* **Task**
Please repeat, from the entries that follow, the lines from the one containing "b \<Longrightarrow> d u" through the one containing "the first step" exactly, adding nothing.

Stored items
lemma equidistant_path:
  assumes "p \<noteq> q" and "d p a = d q a"
  shows "\<exists>L. is_walk E L \<and> distinct L \<and> hd L = p \<and> last L = q \<and> 3 \<le> length L
           \<and> (\<forall>z\<in>set L. d z a \<le> d p a)"
  using assms
proof (induction "d p a" arbitrary: p q)
  \<comment> \<open>Step both ends towards \<open>a\<close>: the new ends either coincide or, by induction, are joined
    by such a path inside the smaller ball.\<close>
  case 0
  then show ?case by simp
next
  case (Suc k)
  obtain p' where p': "E p p'" "d p' a = k" using gdist_SucE Suc.hyps(2)[symmetric] by metis
  obtain q' where q': "E q q'" "d q' a = k" using gdist_SucE Suc.hyps(2)[symmetric] Suc.prems(2) by metis
  have far: "z \<noteq> p" "z \<noteq> q" if "d z a \<le> k" for z
    using that Suc.hyps(2) Suc.prems(2) by auto
  show ?case
  proof (cases "p' = q'")
    case True
    then show ?thesis
      using p' q' sym[OF q'(1)] far[of p'] Suc by (intro exI[of _ "[p, p', q]"]) auto
  next
    case False
    then obtain L where L: "is_walk E L" "distinct L" "hd L = p'" "last L = q'" "3 \<le> length L"
        "\<forall>z\<in>set L. d z a \<le> k"
      using Suc.hyps(1)[of p' q'] p' q' by auto
    have "L \<noteq> []" using L(5) by auto
    then have "is_walk E (p # L @ [q])"
      using L p' sym[OF q'(1)] by (simp add: is_walk_Cons is_walk_snoc)
    moreover have "distinct (p # L @ [q])" using L(2,6) far Suc.prems(1) by auto
    ultimately show ?thesis using L(5,6) Suc.hyps(2) Suc.prems(2)
      by (intro exI[of _ "p # L @ [q]"]) fastforce
  qed
qed

lemma crle_gdist_le:
  "crle E (\<alpha>::'o::wellorder) u v \<Longrightarrow> finite {\<beta>. \<beta> < \<alpha>} \<Longrightarrow> d u v \<le> card {\<beta>. \<beta> < \<alpha>}"
proof (induction \<alpha> arbitrary: v rule: less_induct)
  case (less \<alpha>)
  show ?case
  proof (cases "u = v")
    case False
    then obtain y \<beta> where y: "y \<in> cnbhd E v" "\<beta> < \<alpha>" "crle E \<beta> u y"
      using less.prems(1) crle_step_iff[OF crle_imp_not_bot[OF less.prems(1)]] cnbhd_self by metis
    have fewer: "{\<gamma>. \<gamma> < \<beta>} \<subset> {\<gamma>. \<gamma> < \<alpha>}" using y(2) by auto
    then have "finite {\<gamma>. \<gamma> < \<beta>}" using less.prems(2) finite_subset by auto
    then have "d u y \<le> card {\<gamma>. \<gamma> < \<beta>}" using less.IH[OF y(2) y(3)] by blast
    moreover have "card {\<gamma>. \<gamma> < \<beta>} < card {\<gamma>. \<gamma> < \<alpha>}"
      using psubset_card_mono[OF less.prems(2) fewer] .
    moreover have "d u v \<le> Suc (d u y)"
      using gdist_cnbhd[OF y(1), of u] by (simp add: gdist_sym)
    ultimately show ?thesis by linarith
  qed simp
qed

end

locale tree_graph = connected_sym_graph +
  assumes irrefl: "\<not> E u u" and acyclic: "acyclic_graph E"
begin

lemma no_closed_path:
  "is_walk E L \<Longrightarrow> distinct L \<Longrightarrow> 3 \<le> length L \<Longrightarrow> E (last L) (hd L) \<Longrightarrow> False"
  using acyclic unfolding acyclic_graph_def by blast

lemma gdist_adjacent_neq: "E x b \<Longrightarrow> d x a \<noteq> d b a"
  using equidistant_path[of x b a] irrefl sym no_closed_path by metis

lemma gdist_pred_unique:
  assumes "E p b" "E q b" "d p a = k" "d q a = k" "d b a = Suc k"
  shows "p = q"
proof (rule ccontr)
  assume "p \<noteq> q"
  then obtain L where L: "is_walk E L" "distinct L" "hd L = p" "last L = q" "3 \<le> length L"
      "\<forall>z\<in>set L. d z a \<le> k"
    using equidistant_path[of p q a] assms(3,4) by auto
  have "L \<noteq> []" using L(5) by auto
  have "b \<notin> set L" using L(6) assms(5) by force
  show False
  proof (rule no_closed_path[of "L @ [b]"])
    show "is_walk E (L @ [b])" using L assms(2) \<open>L \<noteq> []\<close> by (simp add: is_walk_snoc)
    show "distinct (L @ [b])" using L(2) \<open>b \<notin> set L\<close> by simp
    show "E (last (L @ [b])) (hd (L @ [b]))" using assms(1) sym L(3) \<open>L \<noteq> []\<close> by simp
  qed (use L(5) in simp)
qed

lemma gdist_edge_eq_1: "E x b \<Longrightarrow> d x b = 1"
  using gdist_edge[of x b] irrefl[of x] by (cases "d x b") auto

lemma gdist_edge_cases: "E x b \<Longrightarrow> d u b = Suc (d u x) \<or> d u x = Suc (d u b)"
  using gdist_adjacent_neq[of x b u] gdist_triangle[of u b x] gdist_triangle[of u x b]
    gdist_edge_eq_1[of x b] gdist_edge_eq_1[OF sym, of x b]
  by (simp add: gdist_sym[of _ u]) linarith

definition between :: "'a \<Rightarrow> 'a \<Rightarrow> 'a \<Rightarrow> bool" where
  "between a w b \<longleftrightarrow> d a w + d w b = d a b"

lemma between_sym: "between a w b \<longleftrightarrow> between b w a"
  unfolding between_def by (simp add: gdist_sym[of a w] gdist_sym[of w b] gdist_sym[of a b] add.commute)

lemma between_self: "between u w u \<Longrightarrow> w = u"
  unfolding between_def by (metis add_is_0 gdist_eq_0_iff gdist_self)

lemma between_cnbhd:
  assumes aw: "between a w b" and "w \<noteq> b" and b': "b' \<in> cnbhd E b"
  shows "between a w b'"
proof (cases "b' = b")
  case False
  then have e: "E b b'" using b' by (auto simp: cnbhd_def)
  have tri: "d a b' \<le> d a w + d w b'" by (rule gdist_triangle)
  from gdist_edge_cases[OF e, of a] show ?thesis
  proof
    assume "d a b' = Suc (d a b)"
    moreover have "d w b' \<le> Suc (d w b)"
      using gdist_cnbhd[of b b' w] sym[OF e] by (simp add: cnbhd_def gdist_sym[of w])
    ultimately show ?thesis using aw tri unfolding between_def by linarith
  next
    assume b'_closer: "d a b = Suc (d a b')"
    \<comment> \<open>Then \<open>b'\<close> is the unique neighbour of \<open>b\<close> towards \<open>a\<close>, so it is also the first step
      from \<open>b\<close> towards \<open>w\<close>.\<close>
    obtain k where k: "d b w = Suc k" using \<open>w \<noteq> b\<close> by (cases "d b w") auto
    then obtain p where p: "E b p" "d p w = k" by (rule gdist_SucE)
    have "d w p = k" "d w b = Suc k" using p k by (simp_all add: gdist_sym[of w])
    moreover have "d a b \<le> Suc (d a p)"
      using gdist_triangle[of a b p] gdist_edge[OF sym[OF p(1)]] by simp
    ultimately have "d a p = d a b'"
      using gdist_triangle[of a p w] aw b'_closer unfolding between_def by linarith
    then have "p = b'"
      using gdist_pred_unique[OF sym[OF p(1)] sym[OF e], of a "d b' a"] b'_closer
      by (simp add: gdist_sym[of p a] gdist_sym[of b' a] gdist_sym[of b a])
    then show ?thesis using \<open>d w p = k\<close> \<open>d w b = Suc k\<close> aw b'_closer
      unfolding between_def by simp
  qed
qed (use aw in simp)

lemma between_extend:
  assumes "between a p b" and "E p b" and "x \<in> cnbhd E b" and "x \<noteq> p"
  shows "between a b x"
proof (cases "x = b")
  case False
  then have e: "E b x" using assms(3) by (auto simp: cnbhd_def)
  from gdist_edge_cases[OF e, of a] show ?thesis
  proof
    assume "d a x = Suc (d a b)"
    then show ?thesis using gdist_edge_eq_1[OF e] unfolding between_def by simp
  next
    assume "d a b = Suc (d a x)"
    moreover have "d a b = Suc (d a p)"
      using assms(1) gdist_edge_eq_1[OF assms(2)] unfolding between_def by simp
    ultimately have "x = p"
      using gdist_pred_unique[OF sym[OF e] assms(2), of a "d x a"]
      by (simp add: gdist_sym[of x a] gdist_sym[of p a] gdist_sym[of b a])
    with assms(4) show ?thesis by simp
  qed
qed (simp add: between_def)

lemma crle_toward:
  "crle E (\<alpha>::'o::wellorder) u v \<Longrightarrow> between v w u \<Longrightarrow> crle E \<alpha> u w"
proof (induction \<alpha> arbitrary: u v w rule: less_induct)
  case (less \<alpha>)
  consider "w = v" | "w = u" | "w \<noteq> v" "w \<noteq> u" by blast
  then show ?case
  proof cases
    case 1
    with less.prems(1) show ?thesis by simp
  next
    case 2
    then show ?thesis by (simp add: crle_refl)
  next
    case 3
    then have "u \<noteq> v" using less.prems(2) between_self by metis
    note step_iff = crle_step_iff[OF crle_imp_not_bot[OF less.prems(1) this]]
    show ?thesis unfolding step_iff
    proof
      fix x assume x: "x \<in> cnbhd E u"
      then obtain y \<beta> where y: "y \<in> cnbhd E v" "\<beta> < \<alpha>" "crle E \<beta> x y"
        using bspec[OF less.prems(1)[unfolded step_iff] x] by blast
      have "between x w v"
        using between_cnbhd[OF less.prems(2) \<open>w \<noteq> u\<close> x] by (simp add: between_sym)
      then have "between y w x"
        using between_cnbhd[OF _ \<open>w \<noteq> v\<close> y(1)] by (simp add: between_sym)
      then have "crle E \<beta> x w" using less.IH[OF y(2,3)] by simp
      then show "\<exists>y\<in>cnbhd E w. \<exists>\<beta><\<alpha>. crle E \<beta> x y" using y(2) cnbhd_self by metis
    qed
  qed
qed

lemma crle_beyond:
  "crle E (\<alpha>::'o::wellorder) w v \<Longrightarrow> between v w u \<Longrightarrow> w \<noteq> v \<Longrightarrow> crle E \<alpha> u v"
proof (induction \<alpha> arbitrary: u v w rule: less_induct)
  case (less \<alpha>)
  note step_iff = crle_step_iff[OF crle_imp_not_bot[OF less.prems(1,3)]]
  have w_nbhd: "\<forall>x\<in>cnbhd E w. \<exists>y\<in>cnbhd E v. \<exists>\<beta><\<alpha>. crle E \<beta> x y"
    using less.prems(1) unfolding step_iff .
  show ?case
  proof (cases "u = w")
    case False
    obtain k where "d w u = Suc k" using False by (cases "d w u") auto
    then obtain w' where w': "E w w'" "d w' u = k" by (rule gdist_SucE)
    have "d v w' \<le> Suc (d v w)" "d v u \<le> d v w' + k"
      using gdist_triangle[of v w' w] gdist_edge_eq_1[OF w'(1)] gdist_triangle[of v u w'] w'(2)
      by auto
    then have w'_between: "between v w' u" and w'_far: "d v w' = Suc (d v w)"
      using less.prems(2) \<open>d w u = Suc k\<close> w'(2) unfolding between_def by linarith+
    \<comment> \<open>The answer \<open>y\<close> to the step \<open>w \<rightarrow> w'\<close> towards \<open>u\<close> serves every \<open>x \<in> N[u]\<close> except \<open>w\<close>.\<close>
    have "w' \<in> cnbhd E w" using w'(1) by (simp add: cnbhd_def)
    then obtain y \<beta> where y: "y \<in> cnbhd E v" "\<beta> < \<alpha>" "crle E \<beta> w' y"
      using bspec[OF w_nbhd] by blast
    have "w' \<noteq> y"
      using w'_far less.prems(3) gdist_edge[of v y] y(1) by (auto simp: cnbhd_def)
    show ?thesis unfolding step_iff
    proof
      fix x assume x: "x \<in> cnbhd E u"
      show "\<exists>y\<in>cnbhd E v. \<exists>\<beta><\<alpha>. crle E \<beta> x y"
      proof (cases "x = w")
        case False
        have "between v w' x"
        proof (cases "w' = u")
          case True
          then show ?thesis using between_extend[OF less.prems(2) _ x False] w'(1) by simp
        qed (use between_cnbhd[OF w'_between _ x] in simp)
        moreover have "w' \<noteq> v" using w'_far by auto
        ultimately have "between y w' x" using between_cnbhd[OF _ _ y(1)] by (simp add: between_sym)
        then have "crle E \<beta> x y" using less.IH[OF y(2,3) _ \<open>w' \<noteq> y\<close>] by simp
        then show ?thesis using y(1,2) by metis
      qed (use w_nbhd in simp)
    qed
  qed (use less.prems in simp)
qed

* **Exercise result**
lemma gdist_edge_cases: "E x b \<Longrightarrow> d u b = Suc (d u x) \<or> d u x = Suc (d u b)"
  using gdist_adjacent_neq[of x b u] gdist_triangle[of u b x] gdist_triangle[of u x b]
    gdist_edge_eq_1[of x b] gdist_edge_eq_1[OF sym, of x b]
  by (simp add: gdist_sym[of _ u]) linarith

definition between :: "'a \<Rightarrow> 'a \<Rightarrow> 'a \<Rightarrow> bool" where
  "between a w b \<longleftrightarrow> d a w + d w b = d a b"

lemma between_sym: "between a w b \<longleftrightarrow> between b w a"
  unfolding between_def by (simp add: gdist_sym[of a w] gdist_sym[of w b] gdist_sym[of a b] add.commute)

lemma between_self: "between u w u \<Longrightarrow> w = u"
  unfolding between_def by (metis add_is_0 gdist_eq_0_iff gdist_self)

lemma between_cnbhd:
  assumes aw: "between a w b" and "w \<noteq> b" and b': "b' \<in> cnbhd E b"
  shows "between a w b'"
proof (cases "b' = b")
  case False
  then have e: "E b b'" using b' by (auto simp: cnbhd_def)
  have tri: "d a b' \<le> d a w + d w b'" by (rule gdist_triangle)
  from gdist_edge_cases[OF e, of a] show ?thesis
  proof
    assume "d a b' = Suc (d a b)"
    moreover have "d w b' \<le> Suc (d w b)"
      using gdist_cnbhd[of b b' w] sym[OF e] by (simp add: cnbhd_def gdist_sym[of w])
    ultimately show ?thesis using aw tri unfolding between_def by linarith
  next
    assume b'_closer: "d a b = Suc (d a b')"
    \<comment> \<open>Then \<open>b'\<close> is the unique neighbour of \<open>b\<close> towards \<open>a\<close>, so it is also the first step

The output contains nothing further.